È il 1953 e una giovanissima Esther-Sylvia  vive un autentico scollamento rispetto alle coetanee, in primis l’amica Doreen. Esther è consapevole di trovarsi una posizione da privilegiata, di cui dovrebbe godere, eppure non  riesce. Non si diverte alle feste, gli approcci degli uomini la attirano e la terrorizzano al tempo stesso. È inchiodata al suo perfezionismo cieco: vorrebbe scrivere, pubblicare e proseguire la carriera accademica, ma il suo instancabile perfezionismo la costringe a un’insoddisfacente immobilità.

L’esperienza della grande città la disgusta, la visione delle masse è come quella di “file e file di piccole teste assorte” che non pensano a nulla. Nei locali raffinati di New York, a bordo di cabriolet tirate a lucido, nei salotti patinati delle modelle, Esther ha l’impressione di bocche che si muovono a vuoto, da cui lei non può percepire alcun suono. La nuova società di massa è una società di manichini che lavorano per la produzione in serie, in cui ognuno gioca il suo ruolo già preconfezionato. Sylvia Plath raffigura magistralmente non solo l’ipocrisia dell’upperclass americana, ma anche la sua misoginia.  Il mito della verginità, della sottomissione al marito, le limitazioni di carriera imposte alle donne sono un sottile filo conduttore. Esther si muove sul filo degli obblighi e delle costrizioni, sul modello che gli altri si aspettano che lei adempia.

La Plath ai tempi del suo praticantato a “Mademoiselle”, 1953.

Sylvia Plath metaforizza la situazione di Esther nell’immagine di un albero di fico dal quale la giovane non sa scegliere.

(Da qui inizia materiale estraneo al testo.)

(* Let $A$ be a noetherian ring, $M$ a finitely generated $A$-module, $F$ a finitely generated free $A$-module and $M\to F$ a versal map. Then the induced homomorphism of graded $A$-algebras $\Gamma(M^\ast)^\vee\to\Gamma(F^\ast)^\vee$ (the degreewise dual of $\Gamma(F^\ast)\to\Gamma(M^\ast)$, which is induced by the dual map $F^\ast\to M^\ast$) is injective.
   Context: $N^\ast=\operatorname{Hom}_A(N,A)$. A homomorphism $\phi\colon M\to F$ with $F$ finitely generated and free is versal if every homomorphism $M\to E$ with $E$ a free $A$-module factors as $h\circ\phi$ for some $h\colon F\to E$. The algebra of divided powers $\Gamma(N)$ of an $A$-module $N$ is $A[X(n,x)]_{(n,x)\in\mathbb{N}\times N}$ modulo the ideal generated by $X(0,x)-1$, $X(n,fx)-f^nX(n,x)$, $X(m,x)X(n,x)-\binom{m+n}{m}X(m+n,x)$, and $X(n,x+y)-\sum_{i+j=n}X(i,x)X(j,y)$, graded with $X(n,x)$ in degree $n$. The graded dual $\Gamma(N)^\vee=\bigoplus_n\operatorname{Hom}_A(\Gamma^n(N),A)$ is a graded $A$-algebra with product $(u\bullet v)(\gamma)=(u\otimes v)(\Delta(\gamma))$, where $\Delta$ is the comultiplication induced by the diagonal $N\to N\oplus N$. *)

theory Defs
  imports Complex_Main "HOL-Library.Multiset" "HOL-Library.Poly_Mapping"
begin

definition noetherian_ring :: "'a::comm_ring_1 itself \<Rightarrow> bool" where
  "noetherian_ring _ \<longleftrightarrow>
     (\<forall>I::'a set. module.subspace ((*)) I \<longrightarrow> (\<exists>S. finite S \<and> module.span ((*)) S = I))"

definition fin_gen_module :: "('a::comm_ring_1 \<Rightarrow> 'm::ab_group_add \<Rightarrow> 'm) \<Rightarrow> bool" where
  "fin_gen_module s \<longleftrightarrow> module s \<and> (\<exists>S. finite S \<and> module.span s S = UNIV)"

definition fin_gen_free_module :: "('a::comm_ring_1 \<Rightarrow> 'm::ab_group_add \<Rightarrow> 'm) \<Rightarrow> bool" where
  "fin_gen_free_module s \<longleftrightarrow> module s \<and>
     (\<exists>B. finite B \<and> module.independent s B \<and> module.span s B = UNIV)"

definition dual_module :: "('a::comm_ring_1 \<Rightarrow> 'm::ab_group_add \<Rightarrow> 'm) \<Rightarrow> ('m \<Rightarrow> 'a) set" where
  "dual_module s = {g. module_hom s ((*)) g}"

definition dual_map :: "('m \<Rightarrow> 'f) \<Rightarrow> ('f \<Rightarrow> 'a) \<Rightarrow> ('m \<Rightarrow> 'a)" where
  "dual_map \<phi> l = l \<circ> \<phi>"

text \<open>The free module A^(B) (B a set of indices in nat): finitely supported functions
  vanishing outside B.  g is an A-linear map from the module (type 'm, scaling s) into A^(B).\<close>
definition lin_to_free :: "('a::comm_ring_1 \<Rightarrow> 'm::ab_group_add \<Rightarrow> 'm) \<Rightarrow> nat set \<Rightarrow> ('m \<Rightarrow> nat \<Rightarrow> 'a) \<Rightarrow> bool" where
  "lin_to_free s B g \<longleftrightarrow>
     (\<forall>x. finite {i. g x i \<noteq> 0} \<and> {i. g x i \<noteq> 0} \<subseteq> B) \<and>
     (\<forall>x y. g (x + y) = (\<lambda>i. g x i + g y i)) \<and>
     (\<forall>c x. g (s c x) = (\<lambda>i. c * g x i))"

text \<open>Versal map phi : M -> F (F is assumed finitely generated free separately): every linear
  map from M into a free module A^(B) factors as h o phi with h : F -> A^(B) linear.\<close>
definition versal :: "('a::comm_ring_1 \<Rightarrow> 'm::ab_group_add \<Rightarrow> 'm) \<Rightarrow> ('a \<Rightarrow> 'f::ab_group_add \<Rightarrow> 'f)
                        \<Rightarrow> ('m \<Rightarrow> 'f) \<Rightarrow> bool" where
  "versal sM sF \<phi> \<longleftrightarrow> module_hom sM sF \<phi> \<and>
     (\<forall>B g. lin_to_free sM B g \<longrightarrow> (\<exists>h. lin_to_free sF B h \<and> (\<forall>x. g x = h (\<phi> x))))"

text \<open>The polynomial ring A[X(n,x)] over variables (n,x) in nat x V: polynomials are finitely
  supported maps from monomials (multisets of variables) to coefficients.\<close>
type_synonym ('v, 'a) gpoly = "(nat \<times> 'v) multiset \<Rightarrow>\<^sub>0 'a"

definition Xv :: "nat \<Rightarrow> 'v \<Rightarrow> ('v, 'a::comm_ring_1) gpoly" where
  "Xv n x = Poly_Mapping.single {#(n, x)#} 1"

definition Cst :: "'a::comm_ring_1 \<Rightarrow> ('v, 'a) gpoly" where
  "Cst c = Poly_Mapping.single {#} c"

text \<open>The defining relations of Gamma(N), for N a submodule of the function module 'm => 'a
  (we use it for N = M* and N = F*), with pointwise addition and scaling.\<close>
definition gamma_rels :: "('m \<Rightarrow> 'a::comm_ring_1) set \<Rightarrow> ('m \<Rightarrow> 'a, 'a) gpoly set" where
  "gamma_rels N =
     {Xv 0 x - 1 | x. x \<in> N} \<union>
     {Xv n (\<lambda>z. f * x z) - Cst (f ^ n) * Xv n x | n f x. x \<in> N} \<union>
     {Xv m x * Xv n x - Cst (of_nat ((m + n) choose m)) * Xv (m + n) x | m n x. x \<in> N} \<union>
     {Xv n (\<lambda>z. x z + y z) - (\<Sum>i\<le>n. Xv i x * Xv (n - i) y) | n x y. x \<in> N \<and> y \<in> N}"

definition gamma_ideal :: "('m \<Rightarrow> 'a::comm_ring_1) set \<Rightarrow> ('m \<Rightarrow> 'a, 'a) gpoly set" where
  "gamma_ideal N = {p. \<exists>S r. finite S \<and> S \<subseteq> gamma_rels N \<and> p = (\<Sum>g\<in>S. r g * g)}"

definition mdeg :: "(nat \<times> 'v) multiset \<Rightarrow> nat" where
  "mdeg m = sum_mset (image_mset fst m)"

definition gmonos :: "'v set \<Rightarrow> nat \<Rightarrow> (nat \<times> 'v) multiset set" where
  "gmonos N n = {m. set_mset (image_mset snd m) \<subseteq> N \<and> mdeg m = n}"

text \<open>Hom_A(Gamma^n(N), A): A-linear functionals on the degree-n part of the polynomial ring
  A[X(k,x)]_{x in N} (given by their values on the monomial basis, zero outside it) that
  vanish on the defining ideal.\<close>
definition gamma_dual :: "('m \<Rightarrow> 'a::comm_ring_1) set \<Rightarrow> nat \<Rightarrow> ((nat \<times> ('m \<Rightarrow> 'a)) multiset \<Rightarrow> 'a) set" where
  "gamma_dual N n = {u. (\<forall>m. m \<notin> gmonos N n \<longrightarrow> u m = 0) \<and>
       (\<forall>p \<in> gamma_ideal N. (\<Sum>m\<in>Poly_Mapping.keys p. u m * Poly_Mapping.lookup p m) = 0)}"

text \<open>For f : N1 -> N2, Gamma(f) sends X(k,x) to X(k, f x), hence a monomial to its image
  monomial; the degreewise dual sends u in Gamma^n(N2)^dual to u o Gamma^n(f).\<close>
definition gamma_dual_map :: "('v1 \<Rightarrow> 'v2) \<Rightarrow> 'v1 set \<Rightarrow> nat \<Rightarrow> ((nat \<times> 'v2) multiset \<Rightarrow> 'a::zero)
                              \<Rightarrow> (nat \<times> 'v1) multiset \<Rightarrow> 'a" where
  "gamma_dual_map f N1 n u =
     (\<lambda>m. if m \<in> gmonos N1 n then u (image_mset (\<lambda>(k, x). (k, f x)) m) else 0)"

end

theory Submission
  imports Defs
begin

text \<open>Versality applied to maps into the free module of rank one shows that every linear form
  on M extends along the versal map to F, i.e. the dual map F* \<rightarrow> M* is surjective. Hence
  \<Gamma>(F*) \<rightarrow> \<Gamma>(M*) hits every monomial in the generators X(k, x) of \<Gamma>(M*), so two
  functionals on the degree n part of \<Gamma>(M*) that agree after composition agree on all
  monomials.\<close>

lemma versal_dual_map_surj:
  fixes sM :: "'a::comm_ring_1 \<Rightarrow> 'm::ab_group_add \<Rightarrow> 'm"
    and sF :: "'a \<Rightarrow> 'f::ab_group_add \<Rightarrow> 'f"
  assumes "module sF" and "versal sM sF \<phi>"
  shows "dual_module sM \<subseteq> dual_map \<phi> ` dual_module sF"
proof
  fix l assume "l \<in> dual_module sM"
  then have l: "module_hom sM (*) l" by (simp add: dual_module_def)
  define g where "g = (\<lambda>x (i::nat). if i = 0 then l x else 0)"
  have "lin_to_free sM {0} g"
    unfolding lin_to_free_def g_def
    using module_hom.add[OF l] module_hom.scale[OF l] by (auto simp: fun_eq_iff)
  then obtain h where h: "lin_to_free sF {0} h" "\<forall>x. g x = h (\<phi> x)"
    using assms(2) unfolding versal_def by blast
  define \<mu> where "\<mu> = (\<lambda>y. h y 0)"
  have "module ((*) :: 'a \<Rightarrow> 'a \<Rightarrow> 'a)" by (rule module.intro) (auto simp: algebra_simps)
  then have "\<mu> \<in> dual_module sF"
    using assms(1) h(1)
    by (auto simp: dual_module_def module_hom_def module_hom_axioms_def \<mu>_def lin_to_free_def)
  moreover have "dual_map \<phi> \<mu> = l"
  proof
    fix x
    have "g x 0 = h (\<phi> x) 0" using h(2) by simp
    then show "dual_map \<phi> \<mu> x = l x" by (simp add: dual_map_def \<mu>_def g_def)
  qed
  ultimately show "l \<in> dual_map \<phi> ` dual_module sF" by blast
qed

lemma gmonos_subset_image:
  assumes "N2 \<subseteq> f ` N1"
  shows "gmonos N2 n \<subseteq> image_mset (\<lambda>(k, x). (k, f x)) ` gmonos N1 n"
proof
  fix m assume m: "m \<in> gmonos N2 n"
  then have snd_in: "snd p \<in> N2" if "p \<in># m" for p
    using that by (auto simp: gmonos_def)
  define g where "g = inv_into N1 f"
  have g: "g x \<in> N1" "f (g x) = x" if "x \<in> N2" for x
    using that assms by (auto simp: g_def inv_into_into f_inv_into_f)
  define m' where "m' = image_mset (\<lambda>(k, x). (k, g x)) m"
  have "mdeg m' = mdeg m"
    by (simp add: mdeg_def m'_def multiset.map_comp o_def case_prod_beta)
  moreover have "set_mset (image_mset snd m') \<subseteq> N1"
    using snd_in g by (auto simp: m'_def)
  ultimately have "m' \<in> gmonos N1 n"
    using m by (simp add: gmonos_def)
  moreover have "image_mset (\<lambda>(k, x). (k, f x)) m' = m"
    unfolding m'_def multiset.map_comp
    by (rule trans[OF multiset.map_cong0 multiset.map_ident]) (use snd_in g in \<open>auto\<close>)
  ultimately show "m \<in> image_mset (\<lambda>(k, x). (k, f x)) ` gmonos N1 n" by blast
qed

lemma inj_on_gamma_dual_map:
  assumes "N2 \<subseteq> f ` N1"
  shows "inj_on (gamma_dual_map f N1 n) {u. \<forall>m. m \<notin> gmonos N2 n \<longrightarrow> u m = 0}"
proof (rule inj_onI, rule ext)
  fix u v m
  assume u: "u \<in> {u. \<forall>m. m \<notin> gmonos N2 n \<longrightarrow> u m = 0}"
    and v: "v \<in> {u. \<forall>m. m \<notin> gmonos N2 n \<longrightarrow> u m = 0}"
    and eq: "gamma_dual_map f N1 n u = gamma_dual_map f N1 n v"
  show "u m = v m"
  proof (cases "m \<in> gmonos N2 n")
    case True
    then obtain m' where "m' \<in> gmonos N1 n" "m = image_mset (\<lambda>(k, x). (k, f x)) m'"
      using gmonos_subset_image[OF assms] by blast
    then show ?thesis using fun_cong[OF eq, of m'] by (simp add: gamma_dual_map_def)
  qed (use u v in simp)
qed

theorem lemma4p1:
  fixes sM :: "'a::comm_ring_1 \<Rightarrow> 'm::ab_group_add \<Rightarrow> 'm"
    and sF :: "'a \<Rightarrow> 'f::ab_group_add \<Rightarrow> 'f"
    and \<phi> :: "'m \<Rightarrow> 'f"
  assumes "noetherian_ring TYPE('a)"
    and "fin_gen_module sM"
    and "fin_gen_free_module sF"
    and "versal sM sF \<phi>"
  shows "\<forall>n. inj_on (gamma_dual_map (dual_map \<phi>) (dual_module sF) n)
                    (gamma_dual (dual_module sM) n)"
proof
  fix n
  have "dual_module sM \<subseteq> dual_map \<phi> ` dual_module sF"
    using assms(3) by (intro versal_dual_map_surj[OF _ assms(4)]) (simp add: fin_gen_free_module_def)
  then show "inj_on (gamma_dual_map (dual_map \<phi>) (dual_module sF) n)
               (gamma_dual (dual_module sM) n)"
    by (rule inj_on_subset[OF inj_on_gamma_dual_map]) (auto simp: gamma_dual_def)
qed

end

Un frutto rappresenta la vita domestica di madre e moglie, un altro la carriera come giornalista, un altro ancora la poetessa. Con onestà disarmante Esther ammette di non voler cogliere alcun frutto. Esther è una giovane donna che non vuole scegliere e conformarsi, e questo non è ammissibile. I fichi avvizziscono e marciscono sotto i suoi piedi, lasciandola sprofondare nel vortice della sua fragilità. Il grido di aiuto di Esther è inascoltato, la sua discesa nella malattia mentale incompresa e stigmatizzata.

“Il pensiero che mi sarei potuta ammazzare prese spassionatamente forma nella mia mente, come un albero o un fiore”

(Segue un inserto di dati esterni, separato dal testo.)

(* Let $N\ge1$, $q\in[1,\infty)$ and let $f\in L^\infty(\mathbb{R}^N)$ satisfy \[\limsup_{r\uparrow1}(1-r)^{1/q}\|f\|_{B^r_{\infty,q}(\mathbb{R}^N)}<\infty.\] Then $f\in C^{0,1}(\mathbb{R}^N)$. Moreover, there are constants $0<c\le C$ independent of $f$ such that \[c\,q^{-1/q}[f]_{C^{0,1}(\mathbb{R}^N)}\le \limsup_{r\uparrow1}(1-r)^{1/q}\|f\|_{B^r_{\infty,q}(\mathbb{R}^N)}\le C\,q^{-1/q}[f]_{C^{0,1}(\mathbb{R}^N)}.\]
   Context: For $r\in(0,1)$ and $q\in[1,\infty)$, $\|f\|_{B^r_{\infty,q}}:=\|f\|_{L^\infty}+\left(\int_{\mathbb{R}^N}\|f(\cdot+h)-f\|_{L^\infty}^q\frac{\mathrm{d}h}{|h|^{N+rq}}\right)^{1/q}$ (first-order differences). $C^{0,1}(\mathbb{R}^N)$ is the set of $f\in L^\infty$ with $[f]_{C^{0,1}}:=\sup_{h\ne0}|h|^{-1}\|f(\cdot+h)-f\|_{L^\infty}<\infty$. *)

theory Defs
  imports "HOL-Analysis.Analysis" "HOL-Probability.Essential_Supremum"
begin

definition Linf_norm :: "('a::euclidean_space \<Rightarrow> real) \<Rightarrow> ereal" where
  "Linf_norm g = esssup lebesgue (\<lambda>x. ereal \<bar>g x\<bar>)"

definition in_Linf :: "('a::euclidean_space \<Rightarrow> real) \<Rightarrow> bool" where
  "in_Linf f \<longleftrightarrow> f \<in> borel_measurable lebesgue \<and> Linf_norm f < \<infinity>"

definition diff_norm :: "('a::euclidean_space \<Rightarrow> real) \<Rightarrow> 'a \<Rightarrow> ereal" where
  "diff_norm f h = Linf_norm (\<lambda>x. f (x + h) - f x)"

text \<open>Besov norm B^r_{infty,q} (with first-order differences), valued in [0,infinity].
  For f in L-infinity the difference norms are finite reals (<= 2 ||f||), so taking
  real_of_ereal loses nothing.\<close>
definition besov_norm :: "real \<Rightarrow> real \<Rightarrow> ('a::euclidean_space \<Rightarrow> real) \<Rightarrow> ereal" where
  "besov_norm r q f =
     (let I = (\<integral>\<^sup>+ h. ennreal (real_of_ereal (diff_norm f h) powr q
                        / norm h powr (real DIM('a) + r * q)) \<partial>lborel)
      in Linf_norm f + (if I = \<infinity> then \<infinity> else ereal (enn2real I powr (1 / q))))"

definition lip_seminorm :: "('a::euclidean_space \<Rightarrow> real) \<Rightarrow> ereal" where
  "lip_seminorm f = (SUP h\<in>-{0}. diff_norm f h / ereal (norm h))"

definition in_C01 :: "('a::euclidean_space \<Rightarrow> real) \<Rightarrow> bool" where
  "in_C01 f \<longleftrightarrow> in_Linf f \<and> lip_seminorm f < \<infinity>"

definition besov_limsup :: "real \<Rightarrow> ('a::euclidean_space \<Rightarrow> real) \<Rightarrow> ereal" where
  "besov_limsup q f = Limsup (at_left 1) (\<lambda>r. ereal ((1 - r) powr (1 / q)) * besov_norm r q f)"

end

theory Submission
  imports Defs
begin

text \<open>The difference norms \<open>\<omega>(h) = \<parallel>f(\<cdot> + h) - f\<parallel>\<^sub>\<infinity>\<close> form a subadditive function bounded by
  \<open>2\<parallel>f\<parallel>\<^sub>\<infinity>\<close>, and the Besov norm only sees \<open>\<omega>\<close>.

  Lower bound: for \<open>v \<noteq> 0\<close> and each dyadic scale \<open>w = v/2\<^sup>k\<close>, subadditivity forces
  \<open>\<omega> \<ge> |w| \<omega>(v)/(2|v|)\<close> on at least half of the ball \<open>B(w/2, |w|/8)\<close>; these balls are disjoint,
  so the Besov integral is at least a multiple of \<open>(\<omega>(v)/|v|)\<^sup>q / (q(1 - r))\<close>. Multiplying by
  \<open>1 - r\<close> and letting \<open>r \<rightarrow> 1\<close> bounds \<open>\<omega>(v)/|v|\<close>, hence the Lipschitz seminorm, by the limsup.

  Upper bound: on dyadic shells, \<open>\<omega>(h) \<le> [f] |h|\<close> near the origin contributes at most
  \<open>C [f]\<^sup>q / (q(1 - r))\<close> and \<open>\<omega> \<le> 2\<parallel>f\<parallel>\<^sub>\<infinity>\<close> far out contributes a bounded amount, which disappears
  after multiplication by \<open>1 - r\<close>.\<close>

section \<open>Lebesgue measure and essential suprema\<close>

lemma AE_lborel_translate:
  fixes k :: "'a::euclidean_space"
  assumes P: "Measurable.pred borel P" and ae: "AE x in lborel. P x"
  shows "AE x in lborel. P (x + k)"
proof -
  have "AE x in distr lborel borel ((+) k). P x"
    using ae by (simp only: lborel_distr_plus)
  then show ?thesis
    using P by (subst (asm) AE_distr_iff) (auto simp: add.commute)
qed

Il romanzo è pervaso da un martellante richiamo alla morte – il caso dei Rosenberg, condannati alla sedia elettrica. Non soltanto morte come esecuzione capitale: morte in quanto individuo alienato della società di massa, morte desiderata e temuta, morte concretizzata nel suicidio della sua amica Joan. Una volta tornata a casa, Esther comincia un lungo processo, che costituisce il cuore nero del romanzo e il vero lascito testamentario della Plath. Gli innumerevoli maledestri tentativi di suicidio tengono il lettore  sulle spine. La malattia mentale, così incompresa nella rigida società degli anni ’50, non può che condurre alla terribile esperienza dell’elettroshock.

A 55 anni di distanza, non c’è modo migliore di ricordare la breve e intensa vita di Sylvia Plath che rileggere il suo unico romanzo. La Campana di vetro ha il pregio di schiaffeggiarci con la verità del quotidiano. Con uno stile veloce e incisivo, ci mette davanti a una condizione esistenziale: l’immobilità forzata, il terrore del giudizio altrui, la nostra vita votata al successo. Chi non ce la fa, chi rimane indietro rispetto a questo vasto flusso di persone che corrono verso i loro obiettivi, soffoca nell’aria rarefatta della campana. È il racconto di una giovane donna che non trova consolazione, la cui unica esigenza è forse quella parola pronunciata dalla dottoressa Malon a fine romanzo: tenerezza.

 La campana di vetro è un romanzo che mette di fronte all’intima debolezza di ogni essere umano e forse, proprio per questo, ci fa sentire meno soli nelle nostre fragilità.